# Tillandsia ixioides



## mrhappyrotter (Dec 3, 2015)

Tillandsia ixioides

This is unfortunately not the fragrant variety of this species, but it's certainly lovely either way. I grow this "upside down" in the same conditions as my paphs and phrags, with regular (almost daily) misting, warm-intermediate temps, moderate humidity, and bright shaded light.

Usually the Tillies with stiff and silvery gray leaves like this prefer drier conditions, but this one seems to be very adaptable. It flowers regularly for me, at least once a year.

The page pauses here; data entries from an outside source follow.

(* Let $G$ be a Borel groupoid which is the increasing union of a sequence $(G_n)$ of proper Borel subgroupoids. Then $G$ is Borel amenable.
   Context: All Borel spaces are analytic. For a Borel groupoid $H$ with $H$ acting on itself by left multiplication and on $H^{(0)}$ by $\gamma\cdot s(\gamma)=r(\gamma)$: $H$ is proper if there is a Borel system $\{m^u\}_{u\in H^{(0)}}$ of probability measures, $m^u$ supported on $H^u=r^{-1}(u)$, $u\mapsto\int f\,dm^u$ Borel for nonnegative Borel $f$, with $\gamma\cdot m^{s(\gamma)}=m^{r(\gamma)}$. $G$ is Borel amenable if there is a sequence of such Borel systems $m_n$ of probability measures on $G$ with $\|\gamma\cdot m_n^{s(\gamma)}-m_n^{r(\gamma)}\|_1\to0$ for every $\gamma\in G$ (total variation norm). *)

theory Defs
  imports "HOL-Probability.Probability"
begin

text \<open>Analytic Borel space: Borel isomorphic to an analytic subset of the reals
  (i.e. empty or a continuous image of the Baire space nat => nat).  Every Polish
  space Borel-embeds into the reals, so this is the usual notion.\<close>
definition analytic_space :: "'a measure \<Rightarrow> bool" where
  "analytic_space M \<longleftrightarrow>
     (\<exists>(A::real set) g.
        (A = {} \<or> (\<exists>h :: (nat \<Rightarrow> nat) \<Rightarrow> real. continuous_on UNIV h \<and> A = range h)) \<and>
        bij_betw g (space M) A \<and>
        g \<in> measurable M (restrict_space borel A) \<and>
        inv_into (space M) g \<in> measurable (restrict_space borel A) M)"

text \<open>A Borel groupoid: the underlying Borel space is M (so G = space M),
  U is the unit space G^(0), r s are range and source, mul the partial
  multiplication (meaningful on composable pairs) and iv the inverse.\<close>
definition composable_pairs :: "'a measure \<Rightarrow> ('a \<Rightarrow> 'a) \<Rightarrow> ('a \<Rightarrow> 'a) \<Rightarrow> ('a \<times> 'a) set" where
  "composable_pairs M r s = {(g, h). g \<in> space M \<and> h \<in> space M \<and> s g = r h}"

definition groupoid :: "'a set \<Rightarrow> 'a set \<Rightarrow> ('a \<Rightarrow> 'a) \<Rightarrow> ('a \<Rightarrow> 'a)
    \<Rightarrow> ('a \<Rightarrow> 'a \<Rightarrow> 'a) \<Rightarrow> ('a \<Rightarrow> 'a) \<Rightarrow> bool" where
  "groupoid G U r s mul iv \<longleftrightarrow>
     U \<subseteq> G \<and>
     (\<forall>g\<in>G. r g \<in> U \<and> s g \<in> U) \<and>
     (\<forall>u\<in>U. r u = u \<and> s u = u) \<and>
     (\<forall>g\<in>G. \<forall>h\<in>G. s g = r h \<longrightarrow>
        mul g h \<in> G \<and> r (mul g h) = r g \<and> s (mul g h) = s h) \<and>
     (\<forall>g\<in>G. \<forall>h\<in>G. \<forall>k\<in>G. s g = r h \<longrightarrow> s h = r k \<longrightarrow>
        mul (mul g h) k = mul g (mul h k)) \<and>
     (\<forall>g\<in>G. mul (r g) g = g \<and> mul g (s g) = g) \<and>
     (\<forall>g\<in>G. iv g \<in> G \<and> r (iv g) = s g \<and> s (iv g) = r g \<and>
        mul g (iv g) = r g \<and> mul (iv g) g = s g)"

definition borel_groupoid :: "'a measure \<Rightarrow> 'a set \<Rightarrow> ('a \<Rightarrow> 'a) \<Rightarrow> ('a \<Rightarrow> 'a)
    \<Rightarrow> ('a \<Rightarrow> 'a \<Rightarrow> 'a) \<Rightarrow> ('a \<Rightarrow> 'a) \<Rightarrow> bool" where
  "borel_groupoid M U r s mul iv \<longleftrightarrow>
     groupoid (space M) U r s mul iv \<and>
     U \<in> sets M \<and>
     r \<in> measurable M M \<and> s \<in> measurable M M \<and> iv \<in> measurable M M \<and>
     composable_pairs M r s \<in> sets (M \<Otimes>\<^sub>M M) \<and>
     (\<lambda>(g, h). mul g h) \<in> measurable (restrict_space (M \<Otimes>\<^sub>M M) (composable_pairs M r s)) M"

When I saw it was in bloom this year, I set it into a clay pot, oriented upright just for something different. The spike is very thin at the base, and thus it flops over. Again, I normally grow it upside down, so the spike can hang pendulously as it prefers.

I love the bright yellow color on these and the flowers are good sized for a Tillandsia.


----------



## KyushuCalanthe (Dec 3, 2015)

Beautiful - but I'm a sucker for yellow flowers. Nice to see a Tillandsia with that color too.


----------



## SlipperFan (Dec 3, 2015)

Hmmm, a pendant tillandsia! It does have a lovely color.


----------



## Lanmark (Dec 3, 2015)

Great color!


----------



## Ozpaph (Dec 5, 2015)

very interesting


----------



## Happypaphy7 (Dec 10, 2015)

I didn't know there were yellow ones. but then again, I only know of one variety that is sold everywhere at the stores.


----------



## mrhappyrotter (Dec 10, 2015)

Happypaphy7 said:


> I didn't know there were yellow ones. but then again, I only know of one variety that is sold everywhere at the stores.



It's probably Tillandsia ionantha or T. cyanea -- those are the two most common species. Yeah, Tillandsia is a fairly sizeable genus, lots of shapes and sizes as well as colors to choose from, and many of them grow well in the same conditions as slippers. Some are even fragrant!


----------



## Happypaphy7 (Dec 14, 2015)

I'm used to probably just one variety that is sold at flower shops.
Are the little "air plants" sold without any roots and pot also part of Tillan??


----------